**Exercise brief**
After locating the line with "using dist_le_1_cases that" in the data that follows, return it and every later line exactly, up to and including the line with "using calculation V".

───── Information provided ─────

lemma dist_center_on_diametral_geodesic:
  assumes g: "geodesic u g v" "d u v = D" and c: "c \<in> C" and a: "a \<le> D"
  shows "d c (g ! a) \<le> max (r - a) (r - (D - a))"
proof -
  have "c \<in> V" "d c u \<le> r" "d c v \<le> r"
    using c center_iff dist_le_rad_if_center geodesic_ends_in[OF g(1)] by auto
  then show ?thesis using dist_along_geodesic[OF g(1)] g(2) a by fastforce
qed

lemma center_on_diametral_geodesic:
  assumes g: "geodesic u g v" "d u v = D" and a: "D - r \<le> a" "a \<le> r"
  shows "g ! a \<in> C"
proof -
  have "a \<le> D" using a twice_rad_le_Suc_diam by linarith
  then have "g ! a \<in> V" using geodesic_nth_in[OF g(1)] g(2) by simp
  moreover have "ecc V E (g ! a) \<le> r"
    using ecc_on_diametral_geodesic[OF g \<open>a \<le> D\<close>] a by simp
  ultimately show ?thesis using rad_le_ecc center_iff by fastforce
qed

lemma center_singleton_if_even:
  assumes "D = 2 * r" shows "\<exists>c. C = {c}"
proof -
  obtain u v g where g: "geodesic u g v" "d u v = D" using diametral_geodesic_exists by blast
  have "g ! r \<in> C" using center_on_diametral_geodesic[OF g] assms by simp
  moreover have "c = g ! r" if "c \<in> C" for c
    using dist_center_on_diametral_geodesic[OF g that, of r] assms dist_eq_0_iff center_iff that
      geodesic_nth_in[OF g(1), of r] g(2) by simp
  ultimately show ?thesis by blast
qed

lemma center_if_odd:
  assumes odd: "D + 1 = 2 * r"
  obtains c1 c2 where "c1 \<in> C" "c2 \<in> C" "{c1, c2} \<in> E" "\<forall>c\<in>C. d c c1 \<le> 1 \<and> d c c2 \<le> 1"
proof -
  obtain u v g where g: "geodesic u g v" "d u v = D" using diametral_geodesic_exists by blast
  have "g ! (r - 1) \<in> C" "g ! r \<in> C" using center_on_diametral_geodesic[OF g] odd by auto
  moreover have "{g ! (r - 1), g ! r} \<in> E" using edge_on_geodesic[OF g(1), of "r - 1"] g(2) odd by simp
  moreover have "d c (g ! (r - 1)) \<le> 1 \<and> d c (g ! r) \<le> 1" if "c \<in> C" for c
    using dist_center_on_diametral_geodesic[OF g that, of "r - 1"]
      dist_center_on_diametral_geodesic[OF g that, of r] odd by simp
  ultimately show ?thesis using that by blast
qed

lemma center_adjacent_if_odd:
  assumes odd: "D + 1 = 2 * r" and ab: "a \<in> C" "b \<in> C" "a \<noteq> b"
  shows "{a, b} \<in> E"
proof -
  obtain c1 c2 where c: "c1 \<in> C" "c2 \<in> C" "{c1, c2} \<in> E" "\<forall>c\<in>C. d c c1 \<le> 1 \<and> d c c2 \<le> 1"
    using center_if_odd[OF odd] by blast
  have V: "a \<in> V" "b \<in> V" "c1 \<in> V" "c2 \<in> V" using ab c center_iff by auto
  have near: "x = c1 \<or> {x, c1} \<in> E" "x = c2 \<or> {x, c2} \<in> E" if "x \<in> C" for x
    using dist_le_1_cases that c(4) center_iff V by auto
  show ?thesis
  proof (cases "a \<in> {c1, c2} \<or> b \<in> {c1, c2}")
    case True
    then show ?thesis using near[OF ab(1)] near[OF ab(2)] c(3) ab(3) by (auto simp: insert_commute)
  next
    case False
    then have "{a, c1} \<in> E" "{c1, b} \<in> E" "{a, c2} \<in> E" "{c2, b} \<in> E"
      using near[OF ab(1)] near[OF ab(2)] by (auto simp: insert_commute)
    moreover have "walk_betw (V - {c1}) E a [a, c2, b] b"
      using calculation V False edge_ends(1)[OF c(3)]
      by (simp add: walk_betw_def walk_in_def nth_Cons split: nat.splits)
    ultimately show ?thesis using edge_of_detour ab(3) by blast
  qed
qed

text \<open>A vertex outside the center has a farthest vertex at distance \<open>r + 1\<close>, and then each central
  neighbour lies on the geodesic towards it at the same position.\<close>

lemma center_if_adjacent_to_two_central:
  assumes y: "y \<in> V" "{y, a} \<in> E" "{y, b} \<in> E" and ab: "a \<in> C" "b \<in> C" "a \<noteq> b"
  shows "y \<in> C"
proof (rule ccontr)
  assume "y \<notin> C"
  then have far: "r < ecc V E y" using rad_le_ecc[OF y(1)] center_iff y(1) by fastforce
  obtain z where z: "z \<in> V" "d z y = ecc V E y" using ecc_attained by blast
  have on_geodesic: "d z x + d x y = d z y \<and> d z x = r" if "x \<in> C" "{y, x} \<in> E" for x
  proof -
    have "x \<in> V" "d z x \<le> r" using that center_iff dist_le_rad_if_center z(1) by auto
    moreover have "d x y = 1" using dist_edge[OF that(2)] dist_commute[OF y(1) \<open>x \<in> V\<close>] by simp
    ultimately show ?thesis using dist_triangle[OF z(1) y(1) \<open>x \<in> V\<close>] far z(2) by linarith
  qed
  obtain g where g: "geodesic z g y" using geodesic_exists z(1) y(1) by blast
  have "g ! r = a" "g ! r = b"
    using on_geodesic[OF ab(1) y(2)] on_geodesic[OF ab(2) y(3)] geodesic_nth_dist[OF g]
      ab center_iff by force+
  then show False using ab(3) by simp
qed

─────
───── Information provided ─────

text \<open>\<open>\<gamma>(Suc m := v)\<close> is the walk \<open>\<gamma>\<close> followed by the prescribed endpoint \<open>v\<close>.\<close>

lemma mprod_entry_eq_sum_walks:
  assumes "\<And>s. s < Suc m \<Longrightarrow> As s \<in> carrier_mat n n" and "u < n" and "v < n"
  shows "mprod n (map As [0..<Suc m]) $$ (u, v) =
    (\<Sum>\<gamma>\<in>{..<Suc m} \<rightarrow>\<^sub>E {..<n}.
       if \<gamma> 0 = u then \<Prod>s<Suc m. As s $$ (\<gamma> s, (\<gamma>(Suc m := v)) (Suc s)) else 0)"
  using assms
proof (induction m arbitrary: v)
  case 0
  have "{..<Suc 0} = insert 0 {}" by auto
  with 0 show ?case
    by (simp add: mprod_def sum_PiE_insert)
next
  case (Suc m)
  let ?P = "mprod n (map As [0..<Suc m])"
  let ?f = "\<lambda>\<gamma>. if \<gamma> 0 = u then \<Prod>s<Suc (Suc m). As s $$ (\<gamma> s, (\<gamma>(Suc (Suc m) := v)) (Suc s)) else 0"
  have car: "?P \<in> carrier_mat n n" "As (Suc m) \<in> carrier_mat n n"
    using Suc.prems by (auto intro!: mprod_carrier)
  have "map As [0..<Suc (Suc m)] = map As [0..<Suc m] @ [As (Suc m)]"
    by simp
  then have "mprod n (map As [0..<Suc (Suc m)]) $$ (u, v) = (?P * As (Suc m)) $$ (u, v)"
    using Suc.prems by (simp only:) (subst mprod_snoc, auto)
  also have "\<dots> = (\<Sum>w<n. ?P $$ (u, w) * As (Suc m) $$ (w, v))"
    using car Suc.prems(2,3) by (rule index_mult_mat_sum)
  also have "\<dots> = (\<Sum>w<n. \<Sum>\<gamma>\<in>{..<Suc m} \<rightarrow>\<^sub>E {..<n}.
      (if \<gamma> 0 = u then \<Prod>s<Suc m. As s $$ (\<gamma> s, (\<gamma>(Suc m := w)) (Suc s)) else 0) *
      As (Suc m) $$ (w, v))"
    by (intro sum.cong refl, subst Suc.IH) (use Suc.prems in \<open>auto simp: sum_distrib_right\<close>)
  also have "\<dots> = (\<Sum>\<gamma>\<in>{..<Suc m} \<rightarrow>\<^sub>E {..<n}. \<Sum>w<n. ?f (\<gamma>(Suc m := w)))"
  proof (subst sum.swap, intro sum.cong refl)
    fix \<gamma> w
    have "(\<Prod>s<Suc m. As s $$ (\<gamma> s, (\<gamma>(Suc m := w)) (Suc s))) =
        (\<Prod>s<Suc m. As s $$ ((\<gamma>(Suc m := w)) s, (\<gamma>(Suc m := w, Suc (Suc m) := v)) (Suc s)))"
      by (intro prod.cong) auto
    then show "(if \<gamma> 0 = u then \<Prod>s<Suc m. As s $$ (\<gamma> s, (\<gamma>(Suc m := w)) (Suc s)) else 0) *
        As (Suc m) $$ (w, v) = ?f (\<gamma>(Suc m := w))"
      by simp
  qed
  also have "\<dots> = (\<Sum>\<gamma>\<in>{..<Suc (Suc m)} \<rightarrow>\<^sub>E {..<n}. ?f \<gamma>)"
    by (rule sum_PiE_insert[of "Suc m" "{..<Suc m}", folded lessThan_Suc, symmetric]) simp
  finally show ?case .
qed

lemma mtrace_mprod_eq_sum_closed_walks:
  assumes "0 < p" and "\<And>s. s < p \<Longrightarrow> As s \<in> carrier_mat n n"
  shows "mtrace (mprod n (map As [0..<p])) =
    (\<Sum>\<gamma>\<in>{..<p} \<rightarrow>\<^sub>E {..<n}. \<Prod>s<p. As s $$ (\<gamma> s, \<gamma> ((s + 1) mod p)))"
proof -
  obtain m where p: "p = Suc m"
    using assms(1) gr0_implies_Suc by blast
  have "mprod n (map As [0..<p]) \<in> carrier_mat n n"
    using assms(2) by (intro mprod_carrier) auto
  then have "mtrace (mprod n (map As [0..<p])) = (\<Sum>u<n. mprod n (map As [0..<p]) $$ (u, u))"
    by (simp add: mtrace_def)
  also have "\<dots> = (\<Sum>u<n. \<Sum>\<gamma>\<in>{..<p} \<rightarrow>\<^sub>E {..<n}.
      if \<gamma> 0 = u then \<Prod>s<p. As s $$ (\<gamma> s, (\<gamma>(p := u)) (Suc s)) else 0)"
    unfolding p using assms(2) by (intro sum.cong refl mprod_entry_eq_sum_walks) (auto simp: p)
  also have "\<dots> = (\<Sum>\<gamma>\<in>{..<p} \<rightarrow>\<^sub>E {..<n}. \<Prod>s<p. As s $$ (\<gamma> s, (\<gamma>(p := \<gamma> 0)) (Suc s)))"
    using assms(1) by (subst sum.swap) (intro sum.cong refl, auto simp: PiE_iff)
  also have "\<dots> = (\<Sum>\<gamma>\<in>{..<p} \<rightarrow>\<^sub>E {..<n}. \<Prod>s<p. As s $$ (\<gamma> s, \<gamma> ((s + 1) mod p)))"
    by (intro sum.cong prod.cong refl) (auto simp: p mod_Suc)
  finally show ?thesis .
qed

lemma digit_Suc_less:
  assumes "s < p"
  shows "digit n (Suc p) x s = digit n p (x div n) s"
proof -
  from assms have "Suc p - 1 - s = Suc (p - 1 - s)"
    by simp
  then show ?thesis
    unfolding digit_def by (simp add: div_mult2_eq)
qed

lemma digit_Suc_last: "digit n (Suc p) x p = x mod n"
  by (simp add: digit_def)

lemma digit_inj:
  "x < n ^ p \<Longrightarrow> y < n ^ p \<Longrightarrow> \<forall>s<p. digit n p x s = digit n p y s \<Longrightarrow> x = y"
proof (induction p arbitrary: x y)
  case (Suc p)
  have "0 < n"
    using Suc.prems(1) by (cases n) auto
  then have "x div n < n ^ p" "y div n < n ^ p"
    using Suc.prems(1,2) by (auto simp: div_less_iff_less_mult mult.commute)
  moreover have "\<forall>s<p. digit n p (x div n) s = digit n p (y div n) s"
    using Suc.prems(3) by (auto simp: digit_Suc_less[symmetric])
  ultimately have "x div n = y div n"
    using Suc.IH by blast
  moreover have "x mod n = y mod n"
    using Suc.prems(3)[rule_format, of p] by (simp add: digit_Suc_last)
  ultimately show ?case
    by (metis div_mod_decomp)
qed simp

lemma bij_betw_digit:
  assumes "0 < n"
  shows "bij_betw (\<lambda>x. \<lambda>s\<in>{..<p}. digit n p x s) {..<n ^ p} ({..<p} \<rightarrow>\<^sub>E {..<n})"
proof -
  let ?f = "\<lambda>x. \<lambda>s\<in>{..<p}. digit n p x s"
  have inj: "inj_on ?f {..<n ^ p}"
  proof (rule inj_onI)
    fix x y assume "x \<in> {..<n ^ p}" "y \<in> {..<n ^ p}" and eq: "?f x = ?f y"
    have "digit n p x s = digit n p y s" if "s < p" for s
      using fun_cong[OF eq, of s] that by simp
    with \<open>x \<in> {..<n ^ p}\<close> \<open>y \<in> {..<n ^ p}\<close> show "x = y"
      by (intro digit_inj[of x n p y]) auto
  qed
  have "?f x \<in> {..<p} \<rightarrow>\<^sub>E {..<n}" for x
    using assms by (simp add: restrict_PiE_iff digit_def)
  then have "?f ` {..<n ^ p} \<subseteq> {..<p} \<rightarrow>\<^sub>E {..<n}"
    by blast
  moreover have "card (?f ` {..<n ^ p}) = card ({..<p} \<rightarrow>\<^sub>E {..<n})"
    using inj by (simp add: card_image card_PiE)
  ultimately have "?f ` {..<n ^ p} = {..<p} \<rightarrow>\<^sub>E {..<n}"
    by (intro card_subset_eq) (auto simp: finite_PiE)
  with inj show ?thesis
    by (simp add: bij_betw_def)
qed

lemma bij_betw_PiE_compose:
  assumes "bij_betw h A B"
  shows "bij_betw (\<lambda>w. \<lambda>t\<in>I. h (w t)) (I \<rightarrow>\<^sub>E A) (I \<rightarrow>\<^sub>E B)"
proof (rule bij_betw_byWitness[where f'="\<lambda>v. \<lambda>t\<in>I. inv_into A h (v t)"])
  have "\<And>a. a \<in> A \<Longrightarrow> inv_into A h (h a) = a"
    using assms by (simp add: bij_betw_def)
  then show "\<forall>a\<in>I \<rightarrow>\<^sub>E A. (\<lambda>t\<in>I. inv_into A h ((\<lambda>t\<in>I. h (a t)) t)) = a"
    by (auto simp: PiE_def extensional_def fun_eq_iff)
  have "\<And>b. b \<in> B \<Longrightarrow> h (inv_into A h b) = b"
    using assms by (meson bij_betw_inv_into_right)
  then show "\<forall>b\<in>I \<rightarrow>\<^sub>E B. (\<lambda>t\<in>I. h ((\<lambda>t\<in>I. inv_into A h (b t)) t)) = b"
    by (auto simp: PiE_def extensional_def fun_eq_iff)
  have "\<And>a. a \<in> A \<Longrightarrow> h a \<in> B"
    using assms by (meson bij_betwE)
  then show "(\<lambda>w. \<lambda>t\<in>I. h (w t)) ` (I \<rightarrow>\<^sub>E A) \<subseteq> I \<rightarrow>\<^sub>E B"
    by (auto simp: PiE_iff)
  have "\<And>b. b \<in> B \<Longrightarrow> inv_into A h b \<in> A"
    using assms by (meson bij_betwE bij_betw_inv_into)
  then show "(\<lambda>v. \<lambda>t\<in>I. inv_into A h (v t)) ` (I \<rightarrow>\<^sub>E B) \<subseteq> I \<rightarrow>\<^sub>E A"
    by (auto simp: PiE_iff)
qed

─────

**The answer**
    using dist_le_1_cases that c(4) center_iff V by auto
  show ?thesis
  proof (cases "a \<in> {c1, c2} \<or> b \<in> {c1, c2}")
    case True
    then show ?thesis using near[OF ab(1)] near[OF ab(2)] c(3) ab(3) by (auto simp: insert_commute)
  next
    case False
    then have "{a, c1} \<in> E" "{c1, b} \<in> E" "{a, c2} \<in> E" "{c2, b} \<in> E"
      using near[OF ab(1)] near[OF ab(2)] by (auto simp: insert_commute)
    moreover have "walk_betw (V - {c1}) E a [a, c2, b] b"
      using calculation V False edge_ends(1)[OF c(3)]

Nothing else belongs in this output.